El silencio de Dios se hace revelador. Inclinar la cabeza, como ella, y callar: es la
solidaridad con el pecador compartiendo su situación de postración para sacarlo del
pecado y liberarlo desde el amor. A veces ante los gritos, las acusaciones y la venganza,
optar por el silencio y tratar de reconducir toda la escena dramática que se produce,
puede llegar a ser una buena noticia. También está en nuestra mano hacerlo.
Sin embargo, ha de llegar el momento de la decisión y del desenlace. Jesús habla
y habla claro; pero lo hace con un lenguaje interpelador, no hiriente ni insultante. No se
suma al griterío acusador ni se dirige a la mujer sumándose al complot condenatorio, ni
siquiera con otras palabras. Jesús dice en nombre de Dios lo que piensa: «El que esté
sin pecado, que le tire la primera piedra» (Evangelio). Es la afirmación más contundente
que se ha podido escuchar contra la pena de muerte. Tenemos que aprender de esto.

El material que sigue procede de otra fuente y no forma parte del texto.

lemma nn_integral_triple_rotate:
  assumes [measurable]: "g \<in> borel_measurable (M \<Otimes>\<^sub>M M \<Otimes>\<^sub>M M)"
  shows "(\<integral>\<^sup>+(z, x, y). g (x, y, z) \<partial>(M \<Otimes>\<^sub>M M \<Otimes>\<^sub>M M)) = integral\<^sup>N (M \<Otimes>\<^sub>M M \<Otimes>\<^sub>M M) g"
proof -
  interpret P: pair_sigma_finite M M ..
  have "(\<integral>\<^sup>+(z, x, y). g (x, y, z) \<partial>(M \<Otimes>\<^sub>M M \<Otimes>\<^sub>M M)) = (\<integral>\<^sup>+z. \<integral>\<^sup>+x. \<integral>\<^sup>+y. g (x, y, z) \<partial>M \<partial>M \<partial>M)"
    by (subst nn_integral_triple) auto
  also have "\<dots> = (\<integral>\<^sup>+x. \<integral>\<^sup>+z. \<integral>\<^sup>+y. g (x, y, z) \<partial>M \<partial>M \<partial>M)"
    by (rule P.Fubini') measurable
  also have "\<dots> = (\<integral>\<^sup>+x. \<integral>\<^sup>+y. \<integral>\<^sup>+z. g (x, y, z) \<partial>M \<partial>M \<partial>M)"
    by (intro nn_integral_cong P.Fubini') measurable
  also have "\<dots> = integral\<^sup>N (M \<Otimes>\<^sub>M M \<Otimes>\<^sub>M M) g"
    by (rule nn_integral_triple[symmetric]) fact
  finally show ?thesis .
qed

lemma distr_triple_rotate:
  "distr (M \<Otimes>\<^sub>M M \<Otimes>\<^sub>M M) (M \<Otimes>\<^sub>M M \<Otimes>\<^sub>M M) (\<lambda>(z, x, y). (x, y, z)) = M \<Otimes>\<^sub>M M \<Otimes>\<^sub>M M"
  (is "?R = _")
proof (rule measure_eqI)
  fix A assume "A \<in> sets ?R"
  then have [measurable]: "A \<in> sets (M \<Otimes>\<^sub>M M \<Otimes>\<^sub>M M)" by simp
  have "emeasure ?R A = (\<integral>\<^sup>+p. indicator A p \<partial>?R)"
    by simp
  also have "\<dots> = (\<integral>\<^sup>+(z, x, y). indicator A (x, y, z) \<partial>(M \<Otimes>\<^sub>M M \<Otimes>\<^sub>M M))"
    by (subst nn_integral_distr) (auto simp: split_beta')
  also have "\<dots> = emeasure (M \<Otimes>\<^sub>M M \<Otimes>\<^sub>M M) A"
    by (subst nn_integral_triple_rotate) auto
  finally show "emeasure ?R A = emeasure (M \<Otimes>\<^sub>M M \<Otimes>\<^sub>M M) A" .
qed simp

lemma integral_triple:
  fixes G :: "'a \<times> 'a \<times> 'a \<Rightarrow> 'b::{banach, second_countable_topology}"
  assumes G: "integrable (M \<Otimes>\<^sub>M M \<Otimes>\<^sub>M M) G"
  shows "integral\<^sup>L (M \<Otimes>\<^sub>M M \<Otimes>\<^sub>M M) G = (\<integral>x. \<integral>y. \<integral>z. G (x, y, z) \<partial>M \<partial>M \<partial>M)"
proof -
  interpret P: pair_sigma_finite M M ..
  interpret P3: pair_sigma_finite M "M \<Otimes>\<^sub>M M" ..
  have [measurable]: "G \<in> borel_measurable (M \<Otimes>\<^sub>M M \<Otimes>\<^sub>M M)" using G by simp
  have "integral\<^sup>L (M \<Otimes>\<^sub>M M \<Otimes>\<^sub>M M) G = (\<integral>x. \<integral>p. G (x, p) \<partial>(M \<Otimes>\<^sub>M M) \<partial>M)"
    by (rule P3.integral_fst'[OF G, symmetric])
  also have "\<dots> = (\<integral>x. \<integral>y. \<integral>z. G (x, y, z) \<partial>M \<partial>M \<partial>M)"
    using P3.AE_integrable_fst'[OF G]
    by (intro integral_cong_AE) (auto elim!: eventually_mono intro: P.integral_fst'[symmetric])
  finally show ?thesis .
qed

Jesús ha desbloqueado una situación difícil mostrándonos una manera de actuar a la que
no estamos acostumbrados. Nos enseña una pedagogía diferente que quiere ayudar a las
personas a entrar en razón y a repensar las propias actitudes antes de atreverse a emitir
juicios severos contra los otros. El espacio y el tiempo parece que se ensanchan y las
personas recuperan el aliento. Es el Espíritu de Dios que entra en nuestros corazones y
nos ayuda a respirar a su ritmo y, con su aliento, nos hace abandonar antiguos rencores.
Por ello, nos dice también hoy: «¿No recordéis lo de antaño, no penséis en lo antiguo;
mirad que realizo algo nuevo; ya está brotando ¿no lo notáis?» (1ª lectura).
Como en toda relación de amor limpio, las palabras sobran. La mirada, el gesto,
el silencio, la interpelación, han transformado los corazones. Las palabras finales sólo
ayudan al reconocimiento del amor infinito de Dios, como en el sacramento del perdón:
«Mujer, ¿dónde están tus acusadores? ¿ninguno te ha condenado?» Ella contestó:
«Ninguno, Señor». Jesús dijo: «Tampoco yo te condeno. Anda, y en adelante, no
peques más» (Evangelio). El perdón implica la conversión. Es lo que Jesús pide a cambio.
Tenemos mucho que aprender. Quizá nos sentimos identificados con todos los
papeles de quienes han entrado en escena. Unas veces nos sentimos acusados,
maltratados, calumniados, como la mujer pecadora; otras veces somos nosotros los
acusadores implacables a gran escala o en pequeños detalles como los maestros de la ley
y los fariseos. Pero sobretodo, intentemos que en muchos momentos nuestra actuación
sea como la de Jesús: mirando a los demás con una mirada limpia, acogedora,
salvadora, que ayude a recuperarlos y los haga felices, porque habrán descubierto que
Alguien les quiere. Nos habremos convertido en «sacramento», en signo visible del
amor de Dios. Así, nuestro seguimiento del Señor nos hará decir como San Pablo: «todo
lo estimo pérdida comparado con la excelencia del conocimiento de Cristo Jesús, mi
Señor» (2ª lectura). En la Eucaristía, este conocimiento se hace encuentro real con Él,
para poder existir en Él. Con Cristo, nuestra vida recupera su verdadera dimensión.